Astronomers find black hole destroying a star


WASHINGTON, D.C. (BNO NEWS) -- Astronomers have been able to spot a previously dormant black hole from a distant galaxy as it shredded and consumed a star, NASA said on Wednesday.

The incident has been streaming X-rays toward Earth since late March, and NASA's Swift satellite, which launched in November 2004 and is managed by NASA's Goddard Space Flight Center in Greenbelt, Maryland, first alerted astronomers to intense and unusual high-energy flares from the new source in the constellation Draco.

David Burrows, professor of astronomy at Penn State University and lead scientist for the mission's X-Ray Telescope instrument, said that the source, known as Swift J1644+57, could produce bright X-rays enough for Swift to observe into next year. The galaxy in which the black hole is located, however, is so far away it took the light from the event approximately 3.9 billion years to reach Earth.

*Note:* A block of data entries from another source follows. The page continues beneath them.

text \<open>Shifting the summation variable by an element of \<open>V\<close> on which \<open>b\<close> takes the value
  \<open>t\<close> with \<open>chi t \<noteq> 1\<close> multiplies the sum by \<open>chi t\<close>.\<close>

lemma character_sum_eq_0:
  fixes V V' :: "(nat \<Rightarrow> 'a::{finite,field}) set" and g :: "(nat \<Rightarrow> 'a) \<Rightarrow> complex"
  assumes "finite V'" and V: "linear_code n V"
    and shift: "\<And>a v. a \<in> V \<Longrightarrow> v \<in> V' \<Longrightarrow> v + a \<in> V'"
    and invariant: "\<And>a v. a \<in> V \<Longrightarrow> g (v + a) = g v"
    and "a0 \<in> V" "dotp N b a0 \<noteq> 0"
  shows "(\<Sum>v\<in>V'. chi (dotp N b v) * g v) = 0"
proof -
  obtain t :: 'a where t: "chi t \<noteq> 1" using chi_nontrivial by blast
  define a where "a = vscale (t / dotp N b a0) a0"
  have a: "a \<in> V" "- a \<in> V"
    unfolding a_def using assms(5) linear_code_scale[OF V] linear_code_uminus[OF V] by blast+
  have ba: "dotp N b a = t" unfolding a_def dotp_scale_right using assms(6) by simp
  have shift_bij: "bij_betw (\<lambda>v. v + a) V' V'"
  proof (rule bij_betwI[where g = "\<lambda>v. v + (- a)"])
    show "(\<lambda>v. v + a) \<in> V' \<rightarrow> V'" using shift a(1) by auto
    show "(\<lambda>v. v + (- a)) \<in> V' \<rightarrow> V'" using shift[OF a(2)] by simp
  qed auto
  have "(\<Sum>v\<in>V'. chi (dotp N b v) * g v) = (\<Sum>v\<in>V'. chi (dotp N b (v + a)) * g (v + a))"
    using sum.reindex_bij_betw[OF shift_bij, of "\<lambda>v. chi (dotp N b v) * g v"] by simp
  also have "\<dots> = chi t * (\<Sum>v\<in>V'. chi (dotp N b v) * g v)"
    by (simp add: sum_distrib_left dotp_add_right ba chi_add invariant[OF a(1)] ac_simps)
  finally have "(1 - chi t) * (\<Sum>v\<in>V'. chi (dotp N b v) * g v) = 0" by (simp add: algebra_simps)
  then show ?thesis using t by simp
qed

lemma character_sum_linear_code:
  fixes C :: "(nat \<Rightarrow> 'a::{finite,field}) set"
  assumes C: "linear_code n C" and v: "v \<in> words n"
  shows "(\<Sum>c\<in>C. chi (dotp n v c)) = (if v \<in> dual n C then of_nat (card C) else 0)"
proof (cases "v \<in> dual n C")
  case True
  then have "(\<Sum>c\<in>C. chi (dotp n v c)) = (\<Sum>c\<in>C. 1)"
    by (intro sum.cong) (auto simp: dual_def dotp_commute)
  then show ?thesis using True by simp
next
  case False
  then obtain c0 where "c0 \<in> C" "dotp n v c0 \<noteq> 0" using v by (auto simp: dual_def dotp_commute)
  then have "(\<Sum>c\<in>C. chi (dotp n v c) * 1) = 0"
    by (intro character_sum_eq_0[OF finite_linear_code[OF C] C]) (auto intro: linear_code_add[OF C])
  then show ?thesis using False by simp
qed

text \<open>Double counting of \<open>\<Sum>\<^sub>v \<Sum>\<^sub>c chi (v \<cdot> c)\<close> over words \<open>v\<close> and codewords \<open>c\<close>.\<close>

lemma card_mult_card_dual:
  fixes C :: "(nat \<Rightarrow> 'a::{finite,field}) set"
  assumes C: "linear_code n C"
  shows "card C * card (dual n C) = CARD('a) ^ n"
proof -
  let ?W = "words n :: (nat \<Rightarrow> 'a) set"
  have CW: "C \<subseteq> ?W" using C by (rule linear_code_words)
  have "(of_nat (card C * card (dual n C)) :: complex) = (\<Sum>v\<in>dual n C. of_nat (card C))"
    by simp
  also have "\<dots> = (\<Sum>v\<in>?W. if v \<in> dual n C then of_nat (card C) else 0)"
    using dual_subset_words[of n C] by (simp add: sum.If_cases Int_absorb1)
  also have "\<dots> = (\<Sum>v\<in>?W. \<Sum>c\<in>C. chi (dotp n v c))"
    by (rule sum.cong) (simp_all add: character_sum_linear_code[OF C])
  also have "\<dots> = (\<Sum>c\<in>C. \<Sum>v\<in>?W. chi (dotp n c v))"
    by (subst sum.swap) (simp add: dotp_commute)
  also have "\<dots> = (\<Sum>c\<in>C. if c = 0 then of_nat (card ?W) else 0)"
    using CW by (intro sum.cong) (auto simp: character_sum_linear_code[OF linear_code_all_words] dual_words)
  also have "\<dots> = of_nat (card ?W)"
    using linear_code_zero[OF C] finite_linear_code[OF C] by simp
  finally show ?thesis by (simp only: of_nat_eq_iff card_words)
qed

lemma code_dim_dual:
  fixes C :: "(nat \<Rightarrow> 'a::{finite,field}) set"
  assumes "linear_code n C"
  shows "code_dim (dual n C) = n - code_dim C" "code_dim C \<le> n"
proof -
  have "CARD('a) ^ (code_dim C + code_dim (dual n C)) = CARD('a) ^ n"
    using card_mult_card_dual[OF assms] card_linear_code[OF assms] card_linear_code[OF linear_code_dual[of n C]]
    by (simp add: power_add)
  then have "code_dim C + code_dim (dual n C) = n" using one_less_card_field[where 'a='a] by simp
  then show "code_dim (dual n C) = n - code_dim C" "code_dim C \<le> n" by auto
qed

lemma dual_dual:
  fixes C :: "(nat \<Rightarrow> 'a::{finite,field}) set"
  assumes C: "linear_code n C"
  shows "dual n (dual n C) = C"
proof -
  have "C \<subseteq> dual n (dual n C)"
    using linear_code_words[OF C] by (auto simp: dual_def dotp_commute)
  moreover have "code_dim (dual n (dual n C)) = code_dim C"
    using code_dim_dual[OF C] code_dim_dual[OF linear_code_dual[of n C]] by simp
  then have "card (dual n (dual n C)) = card C"
    by (simp add: card_linear_code[OF C] card_linear_code[OF linear_code_dual[of n "dual n C"]])
  ultimately show ?thesis
    by (metis card_subset_eq finite_linear_code linear_code_dual)
qed

section \<open>The \<open>(u | u + v)\<close> construction\<close>

definition plotkin :: "nat \<Rightarrow> (nat \<Rightarrow> 'a::ab_group_add) \<Rightarrow> (nat \<Rightarrow> 'a) \<Rightarrow> (nat \<Rightarrow> 'a)" where
  "plotkin n u v = (\<lambda>i. if i < n then u i else u (i - n) + v (i - n))"

definition plotkin_code :: "nat \<Rightarrow> (nat \<Rightarrow> 'a::ab_group_add) set \<Rightarrow> (nat \<Rightarrow> 'a) set \<Rightarrow> (nat \<Rightarrow> 'a) set" where
  "plotkin_code n C C' = {plotkin n u v | u v. u \<in> C \<and> v \<in> C'}"

definition first_half :: "nat \<Rightarrow> (nat \<Rightarrow> 'a::zero) \<Rightarrow> (nat \<Rightarrow> 'a)" where
  "first_half n x = (\<lambda>i. if i < n then x i else 0)"

definition second_half :: "nat \<Rightarrow> (nat \<Rightarrow> 'a) \<Rightarrow> (nat \<Rightarrow> 'a)" where
  "second_half n x = (\<lambda>i. x (i + n))"

lemma first_half_words: "first_half n x \<in> words n"
  by (simp add: first_half_def words_def)

lemma second_half_words: "x \<in> words (n + n) \<Longrightarrow> second_half n x \<in> words n"
  by (simp add: second_half_def words_def)

lemma halves_eq_0_iff: "first_half n x = 0 \<and> second_half n x = 0 \<longleftrightarrow> x = 0"
  by (auto simp: first_half_def second_half_def fun_eq_iff)
     (metis le_add_diff_inverse2 not_le)

lemma wt_halves:
  fixes x :: "nat \<Rightarrow> 'a::zero"
  assumes "x \<in> words (n + n)"
  shows "wt x = wt (first_half n x) + wt (second_half n x)"
proof -
  have split: "{i. x i \<noteq> 0} = {i. first_half n x i \<noteq> 0} \<union> (\<lambda>i. i + n) ` {i. second_half n x i \<noteq> 0}"
    by (auto simp: first_half_def second_half_def image_iff)
       (metis add.commute le_add_diff_inverse not_le)
  have "card {i. x i \<noteq> 0} = card {i. first_half n x i \<noteq> 0} + card ((\<lambda>i. i + n) ` {i. second_half n x i \<noteq> 0})"
    unfolding split
    using finite_support[OF first_half_words] finite_support[OF second_half_words[OF assms]]
    by (intro card_Un_disjoint) (auto simp: first_half_def)
  also have "card ((\<lambda>i. i + n) ` {i. second_half n x i \<noteq> 0}) = card {i. second_half n x i \<noteq> 0}"
    by (intro card_image) (auto simp: inj_on_def)
  finally show ?thesis unfolding wt_def .
qed

lemma plotkin_words: "u \<in> words n \<Longrightarrow> v \<in> words n \<Longrightarrow> plotkin n u v \<in> words (n + n)"
  by (auto simp: plotkin_def words_def)

lemma first_half_plotkin: "u \<in> words n \<Longrightarrow> first_half n (plotkin n u v) = u"
  by (auto simp: first_half_def plotkin_def words_def fun_eq_iff)

lemma second_half_plotkin [simp]: "second_half n (plotkin n u v) = u + v"
  by (simp add: second_half_def plotkin_def fun_eq_iff)

lemma plotkin_inject:
  assumes "u \<in> words n" "u' \<in> words n"
  shows "plotkin n u v = plotkin n u' v' \<longleftrightarrow> u = u' \<and> v = v'"
proof
  assume eq: "plotkin n u v = plotkin n u' v'"
  then have "u = u'" using first_half_plotkin[OF assms(1), of v] first_half_plotkin[OF assms(2), of v'] by simp
  moreover have "u + v = u' + v'" using arg_cong[OF eq, of "second_half n"] by simp
  ultimately show "u = u' \<and> v = v'" by simp
qed simp

lemma wt_plotkin:
  assumes "u \<in> words n" "v \<in> words n"
  shows "wt (plotkin n u v) = wt u + wt (u + v)"
  using wt_halves[OF plotkin_words[OF assms]] by (simp add: first_half_plotkin[OF assms(1)])

lemma dotp_plotkin:
  "dotp (n + n) (plotkin n u v) x = dotp n u (first_half n x) + dotp n (u + v) (second_half n x)"
proof -
  have "(\<Sum>i<n + m. f i) = (\<Sum>i<n. f i) + (\<Sum>i<m. f (i + n))" for f :: "nat \<Rightarrow> 'a" and m
    by (induction m) (auto simp: add.commute add.left_commute)
  then show ?thesis
    by (simp add: dotp_def plotkin_def first_half_def second_half_def)
qed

Burrows' study, which included scientists from NASA, highlights the X- and gamma-ray observations from Swift and other detectors, including the Japan-led Monitor of All-sky X-ray Image (MAXI) instrument aboard the International Space Station (ISS).

In a second study, Ashley Zauderer, a post-doctoral fellow at the Harvard-Smithsonian Center for Astrophysics in Cambridge, Massachusetts, examines the unprecedented outburst through observations from numerous ground-based radio observatories, including the National Radio Astronomy Observatory's Expanded Very Large Array (EVLA) near Socorro, New Mexico.

A central supersized black hole weighing millions of times the sun's mass is usually present in most galaxies, including the Milky Way. According to both studies, the black hole in the galaxy hosting Swift J1644+57 may be twice the mass of the four-million-solar-mass black hole in the center of the Milky Way galaxy.

As a star falls toward a black hole, it is ripped apart by intense tides. The gas is corralled into a disk that swirls around the black hole and becomes rapidly heated to temperatures of millions of degrees.

On March 28, flares were first detected, but they were initially assumed to signal a gamma-ray burst, one of the nearly daily short blasts of high-energy radiation often associated with the death of a massive star and the birth of a black hole in the distant universe.

However, as the emission continued to brighten and flare, astronomers realized that the most plausible explanation was the tidal disruption of a sun-like star seen as beamed emission.

EVLA observations by Zauderer's team showed a brightening radio source centered on a faint galaxy near Swift's position for the X-ray flares just two days later. These data provided the first conclusive evidence that the galaxy, the radio source and the Swift event were linked.

"Our observations show that the radio-emitting region is still expanding at more than half the speed of light," said Edo Berger, an associate professor of astrophysics at Harvard and a coauthor of the radio paper. "By tracking this expansion backward in time, we can confirm that the outflow formed at the same time as the Swift X-ray source."